lemma finite_signed_copies:
  assumes "signed_bigraph A B E"
  shows "finite (signed_copies P Q F A B E)"
proof (rule finite_subset)
  show "signed_copies P Q F A B E \<subseteq> Pow A \<times> Pow B \<times> Pow E"
    unfolding signed_copies_def signed_embedding_def by auto
  have "finite A" "finite B" "E \<subseteq> A \<times> B"
    using assms unfolding signed_bigraph_def by auto
  then show "finite (Pow A \<times> Pow B \<times> Pow E)"
    by (simp add: finite_subset)
qed

lemma signed_copy_edges:
  assumes "c \<in> signed_copies P Q F A B E" "F \<subseteq> P \<times> Q"
  shows "snd (snd c) \<subseteq> E \<and> card (snd (snd c)) = card F"
proof -
  obtain f g where fg: "signed_embedding P Q F A B E f g"
    and c: "snd (snd c) = (\<lambda>(p, q). (f p, g q)) ` F"
    using assms(1) unfolding signed_copies_def by auto
  have "inj_on (map_prod f g) (P \<times> Q)"
    using fg unfolding signed_embedding_def by (simp add: map_prod_inj_on)
  then have "card (map_prod f g ` F) = card F"
    using assms(2) by (meson card_image inj_on_subset)
  then show ?thesis
    using fg c unfolding signed_embedding_def map_prod_def by auto
qed
(* Let $A$ be a ${C^*}$-algebra and $a,b\in A_+$ with $b\ne0$. Suppose that for every continuous $f\colon[0,\|b\|]\to[0,1]$ with $f(0)=0$ and $f(\|b\|)\ne0$ we have $a\precsim f(b)$. Then there is a sequence $(z_n)$ in $A$ with $z_n^*bz_n\to a$ and $\|z_n\|=(\|a\|/\|b\|)^{1/2}$ for all $n$.
   Context: For positive $a,b$ in a ${C^*}$-algebra $A$, $a\precsim b$ (Cuntz subequivalence) means there is a sequence $(x_n)$ in $A$ with $x_n^*bx_n\to a$. *)

theory Defs
  imports "HOL-Analysis.Analysis" "HOL-Computational_Algebra.Polynomial"
begin

text \<open>(Possibly non-unital) C*-algebras: complex Banach *-algebras satisfying the
C*-identity.\<close>

class cstar_algebra = real_normed_algebra + banach +
  fixes scaleC :: "complex \<Rightarrow> 'a \<Rightarrow> 'a"
    and adj :: "'a \<Rightarrow> 'a"
  assumes scaleC_add_right: "scaleC c (x + y) = scaleC c x + scaleC c y"
    and scaleC_add_left: "scaleC (c + d) x = scaleC c x + scaleC d x"
    and scaleC_scaleC: "scaleC c (scaleC d x) = scaleC (c * d) x"
    and scaleC_one: "scaleC 1 x = x"
    and scaleR_scaleC: "scaleR r x = scaleC (of_real r) x"
    and norm_scaleC: "norm (scaleC c x) = cmod c * norm x"
    and mult_scaleC_left: "scaleC c x * y = scaleC c (x * y)"
    and mult_scaleC_right: "x * scaleC c y = scaleC c (x * y)"
    and adj_adj: "adj (adj x) = x"
    and adj_add: "adj (x + y) = adj x + adj y"
    and adj_scaleC: "adj (scaleC c x) = scaleC (cnj c) (adj x)"
    and adj_mult: "adj (x * y) = adj y * adj x"
    and cstar_identity: "norm (adj x * x) = norm x ^ 2"

text \<open>Quasi-invertibility (x is quasi-invertible iff 1 - x is invertible in the unitization).\<close>
definition quasi_invertible :: "'a::cstar_algebra \<Rightarrow> bool" where
  "quasi_invertible x \<longleftrightarrow> (\<exists>y. x + y - x * y = 0 \<and> x + y - y * x = 0)"

text \<open>Spectrum (taken in the unitization): 0 is always included; for \<lambda> \<noteq> 0,
\<lambda> \<in> \<sigma>(a) iff \<lambda> - a is not invertible iff a/\<lambda> is not quasi-invertible.\<close>
definition spectrum :: "'a::cstar_algebra \<Rightarrow> complex set" where
  "spectrum a = {0} \<union> {l. l \<noteq> 0 \<and> \<not> quasi_invertible (scaleC (1 / l) a)}"

definition positive :: "'a::cstar_algebra \<Rightarrow> bool" where
  "positive a \<longleftrightarrow> adj a = a \<and> spectrum a \<subseteq> complex_of_real ` {0..}"

definition cuntz_below :: "'a::cstar_algebra \<Rightarrow> 'a \<Rightarrow> bool" where
  "cuntz_below a b \<longleftrightarrow> (\<exists>x :: nat \<Rightarrow> 'a. (\<lambda>n. adj (x n) * b * x n) \<longlonglongrightarrow> a)"

text \<open>cpow x n = x^(n+1) (no unit needed).\<close>
fun cpow :: "'a::cstar_algebra \<Rightarrow> nat \<Rightarrow> 'a" where
  "cpow x 0 = x"
| "cpow x (Suc n) = x * cpow x n"

text \<open>Evaluation of a real polynomial without constant term at an element.\<close>
definition peval :: "real poly \<Rightarrow> 'a::cstar_algebra \<Rightarrow> 'a" where
  "peval p x = (\<Sum>i<degree p. coeff p (Suc i) *\<^sub>R cpow x i)"

text \<open>Continuous functional calculus for a positive b and continuous f on [0,\<parallel>b\<parallel>]
with f(0)=0: f(b) is the limit of p_n(b) for polynomials p_n with p_n(0)=0 converging
uniformly to f on [0,\<parallel>b\<parallel>] (which contains the spectrum of b).\<close>
definition fcalc :: "(real \<Rightarrow> real) \<Rightarrow> 'a::cstar_algebra \<Rightarrow> 'a" where
  "fcalc f b = (THE c. \<forall>p :: nat \<Rightarrow> real poly.
      (\<forall>n. poly (p n) 0 = 0) \<and> uniform_limit {0..norm b} (\<lambda>n x. poly (p n) x) f sequentially
      \<longrightarrow> (\<lambda>n. peval (p n) b) \<longlonglongrightarrow> c)"
(* Let $f\in C[0,1]$ satisfy $f(x)\neq0$ for all $x\in[0,1]$. Then for every $n\in\mathbb{N}$, $\overline{\dim}_B G(f^n)=\overline{\dim}_B G(f)$, $\underline{\dim}_B G(f^n)=\underline{\dim}_B G(f)$, $\dim_P G(f^n)=\dim_P G(f)$, $\dim_H G(f^n)=\dim_H G(f)$, and $\dim_A G(f^n)=\dim_A G(f)$.
   Context: $C[0,1]$ is the space of real-valued continuous functions on $[0,1]$; $G(f)=\{(x,f(x)):x\in[0,1]\}\subset\mathbb{R}^2$ is the graph of $f$, and $f^n$ is the pointwise $n$-th power. $\overline{\dim}_B$, $\underline{\dim}_B$, $\dim_P$, $\dim_H$, $\dim_A$ denote the upper box-counting, lower box-counting, packing, Hausdorff and Assouad dimensions of subsets of $\mathbb{R}^2$ (with the Euclidean metric). *)

theory Defs
  imports "HOL-Analysis.Analysis"
begin

type_synonym pt = "real \<times> real"
(* real \<times> real carries the Euclidean metric: dist (a,b) (c,d) = sqrt((a-c)^2+(b-d)^2) *)

definition graph :: "(real \<Rightarrow> real) \<Rightarrow> pt set" where
  "graph f = (\<lambda>x. (x, f x)) ` {0..1}"

text \<open>N_delta(F): least number of (bounded) sets of diameter at most delta covering F
  (infinity if no finite cover exists).\<close>
definition cover_num :: "pt set \<Rightarrow> real \<Rightarrow> ereal" where
  "cover_num F \<delta> = Inf {ereal (real (card C)) | C. finite C \<and>
       (\<forall>U\<in>C. bounded U \<and> diameter U \<le> \<delta>) \<and> F \<subseteq> \<Union>C}"

definition upper_box_dim :: "pt set \<Rightarrow> ereal" where
  "upper_box_dim F = Limsup (at_right 0)
      (\<lambda>\<delta>. ereal (ln (real_of_ereal (cover_num F \<delta>)) / - ln \<delta>))"

definition lower_box_dim :: "pt set \<Rightarrow> ereal" where
  "lower_box_dim F = Liminf (at_right 0)
      (\<lambda>\<delta>. ereal (ln (real_of_ereal (cover_num F \<delta>)) / - ln \<delta>))"

definition hausdorff_content :: "real \<Rightarrow> real \<Rightarrow> pt set \<Rightarrow> ennreal" where
  "hausdorff_content s \<delta> F = (INF A \<in> {A :: nat \<Rightarrow> pt set. F \<subseteq> (\<Union>i. A i) \<and>
        (\<forall>i. bounded (A i) \<and> diameter (A i) \<le> \<delta>)}.
        (\<Sum>i. ennreal (diameter (A i) powr s)))"

definition hausdorff_measure :: "real \<Rightarrow> pt set \<Rightarrow> ennreal" where
  "hausdorff_measure s F = (SUP \<delta> \<in> {0<..}. hausdorff_content s \<delta> F)"

definition hausdorff_dim :: "pt set \<Rightarrow> ereal" where
  "hausdorff_dim F = Inf (ereal ` {s. s \<ge> 0 \<and> hausdorff_measure s F = 0})"

text \<open>Packing measure and dimension (Falconer, Fractal Geometry, Sect. 3.4):
  packings are finite or countable collections of disjoint closed balls with radii
  at most delta and centres in F; |B| = 2r is the diameter of a ball of radius r.\<close>
definition packing_pre :: "real \<Rightarrow> real \<Rightarrow> pt set \<Rightarrow> ennreal" where
  "packing_pre s \<delta> F = (SUP B \<in> {B :: (pt \<times> real) set. countable B \<and>
        (\<forall>(c,r)\<in>B. c \<in> F \<and> 0 < r \<and> r \<le> \<delta>) \<and>
        (\<forall>p\<in>B. \<forall>q\<in>B. p \<noteq> q \<longrightarrow> cball (fst p) (snd p) \<inter> cball (fst q) (snd q) = {})}.
        (\<Sum>\<^sub>\<infinity>p\<in>B. ennreal ((2 * snd p) powr s)))"

definition packing_premeasure :: "real \<Rightarrow> pt set \<Rightarrow> ennreal" where
  "packing_premeasure s F = (INF \<delta> \<in> {0<..}. packing_pre s \<delta> F)"

definition packing_measure :: "real \<Rightarrow> pt set \<Rightarrow> ennreal" where
  "packing_measure s F = (INF A \<in> {A :: nat \<Rightarrow> pt set. F \<subseteq> (\<Union>i. A i)}.
        (\<Sum>i. packing_premeasure s (A i)))"

definition packing_dim :: "pt set \<Rightarrow> ereal" where
  "packing_dim F = Inf (ereal ` {s. s \<ge> 0 \<and> packing_measure s F = 0})"

definition assouad_dim :: "pt set \<Rightarrow> ereal" where
  "assouad_dim F = Inf (ereal ` {\<alpha>. \<alpha> \<ge> 0 \<and> (\<exists>C>0. \<forall>r R x. 0 < r \<and> r < R \<and> x \<in> F \<longrightarrow>
        cover_num (ball x R \<inter> F) r \<le> ereal (C * (R / r) powr \<alpha>))})"

end

theory Submission
  imports Defs
begin

text \<open>Box-counting, Hausdorff and packing dimensions do not increase under Lipschitz maps,
  and the Assouad dimension does not increase under bi-Lipschitz maps; hence all five agree on
  bi-Lipschitz equivalent sets. If the increments of g are comparable with those of f on [0,1],
  then the vertical map (x, f x) \<mapsto> (x, g x) is bi-Lipschitz from G(f) onto G(g). Since f is
  continuous and never zero, its range is a compact interval inside (0, \<infinity>) or (-\<infinity>, 0) whose
  absolute values lie in some [m, M] with m > 0; there y \<mapsto> y^n changes increments by a factor
  between n m^(n-1) and n M^(n-1), so g = f^n qualifies.\<close>

lemma lipschitz_on_max_1: "L-lipschitz_on F g \<Longrightarrow> (max 1 L)-lipschitz_on F g"
  by (rule lipschitz_on_le) auto

lemma bounded_diameter_lipschitz_image:
  fixes g :: "'a::metric_space \<Rightarrow> 'b::metric_space"
  assumes "L-lipschitz_on F g" "S \<subseteq> F" "bounded S"
  shows "bounded (g ` S) \<and> diameter (g ` S) \<le> L * diameter S"
proof (cases "S = {}")
  case False
  have dist_le: "dist (g p) (g q) \<le> L * diameter S" if "p \<in> S" "q \<in> S" for p q
  proof -
    have "dist (g p) (g q) \<le> L * dist p q"
      using lipschitz_onD[OF assms(1)] that assms(2) by blast
    also have "\<dots> \<le> L * diameter S"
      using diameter_bounded_bound[OF assms(3) that] lipschitz_on_nonneg[OF assms(1)]
      by (rule mult_left_mono)
    finally show ?thesis .
  qed
  obtain a where "a \<in> S" using False by blast
  then have "g ` S \<subseteq> cball (g a) (L * diameter S)" using dist_le by auto
  then have "bounded (g ` S)" using bounded_cball bounded_subset by blast
  moreover have "diameter (g ` S) \<le> L * diameter S"
    using False dist_le by (auto simp: diameter_def intro!: cSUP_least)
  ultimately show ?thesis ..
qed simp

lemma cover_num_mono: "E \<subseteq> E' \<Longrightarrow> cover_num E \<delta> \<le> cover_num E' \<delta>"
  unfolding cover_num_def by (rule Inf_superset_mono) blast

lemma cover_num_ge_1:
  assumes "F \<noteq> {}"
  shows "1 \<le> cover_num F \<delta>"
  unfolding cover_num_def
proof (rule Inf_greatest, clarify)
  fix C assume "finite C" "F \<subseteq> \<Union>C"
  then have "C \<noteq> {}" using assms by auto
  with \<open>finite C\<close> show "1 \<le> ereal (real (card C))"
    by (simp add: Suc_leI card_gt_0_iff)
qed

lemma cover_num_finite:
  assumes "compact F" "\<delta> > 0"
  shows "cover_num F \<delta> < \<infinity>"
proof -
  obtain S where S: "finite S" "F \<subseteq> (\<Union>x\<in>S. ball x (\<delta>/2))"
    by (rule compactE_image[OF assms(1), of F "\<lambda>x. ball x (\<delta>/2)"]) (use assms in auto)
  have "\<forall>U \<in> (\<lambda>x. ball x (\<delta>/2)) ` S. bounded U \<and> diameter U \<le> \<delta>"
    using assms(2) by auto
  then have "cover_num F \<delta> \<le> ereal (real (card ((\<lambda>x. ball x (\<delta>/2)) ` S)))"
    unfolding cover_num_def using S by (intro Inf_lower) blast
  then show ?thesis by (rule le_less_trans) simp
qed

lemma cover_num_lipschitz_image:
  assumes "L-lipschitz_on F g" "E \<subseteq> F"
  shows "cover_num (g ` E) (L * \<delta>) \<le> cover_num E \<delta>"
  unfolding cover_num_def
proof (rule Inf_greatest, clarify)
  fix C assume C: "finite C" "\<forall>U\<in>C. bounded U \<and> diameter U \<le> \<delta>" "E \<subseteq> \<Union>C"
  define C' where "C' = (\<lambda>U. g ` (U \<inter> E)) ` C"
  have "\<forall>V\<in>C'. bounded V \<and> diameter V \<le> L * \<delta>"
  proof
    fix V assume "V \<in> C'"
    then obtain U where U: "U \<in> C" "V = g ` (U \<inter> E)" unfolding C'_def by blast
    have UE: "bounded (U \<inter> E)" "diameter (U \<inter> E) \<le> \<delta>"
      using C(2) U(1) bounded_subset diameter_subset[of "U \<inter> E" U] by force+
    have "bounded V" "diameter V \<le> L * diameter (U \<inter> E)"
      using bounded_diameter_lipschitz_image[OF assms(1) _ UE(1)] assms(2) U(2) by auto
    moreover have "L * diameter (U \<inter> E) \<le> L * \<delta>"
      using UE(2) lipschitz_on_nonneg[OF assms(1)] by (rule mult_left_mono)
    ultimately show "bounded V \<and> diameter V \<le> L * \<delta>" by simp
  qed
  moreover have "finite C'" "g ` E \<subseteq> \<Union>C'" using C unfolding C'_def by blast+
  ultimately have "Inf {ereal (real (card C)) |C. finite C \<and> (\<forall>U\<in>C. bounded U \<and> diameter U \<le> L * \<delta>)
      \<and> g ` E \<subseteq> \<Union>C} \<le> ereal (real (card C'))"
    by (intro Inf_lower) blast
  also have "\<dots> \<le> ereal (real (card C))"
    unfolding C'_def using card_image_le[OF C(1)] by simp
  finally show "Inf {ereal (real (card C)) |C. finite C \<and> (\<forall>U\<in>C. bounded U \<and> diameter U \<le> L * \<delta>)
      \<and> g ` E \<subseteq> \<Union>C} \<le> ereal (real (card C))" .
qed

definition box_ratio :: "pt set \<Rightarrow> real \<Rightarrow> ereal" where
  "box_ratio F \<delta> = ereal (ln (real_of_ereal (cover_num F \<delta>)) / - ln \<delta>)"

..............................

**WORK TO BE COMPLETED:**
Begin at the top of the listing above and set down each line exactly. Stop after the line that contains "B E \<subseteq>".

**EXERCISE ANSWER:**
lemma finite_signed_copies:
  assumes "signed_bigraph A B E"
  shows "finite (signed_copies P Q F A B E)"
proof (rule finite_subset)
  show "signed_copies P Q F A B E \<subseteq> Pow A \<times> Pow B \<times> Pow E"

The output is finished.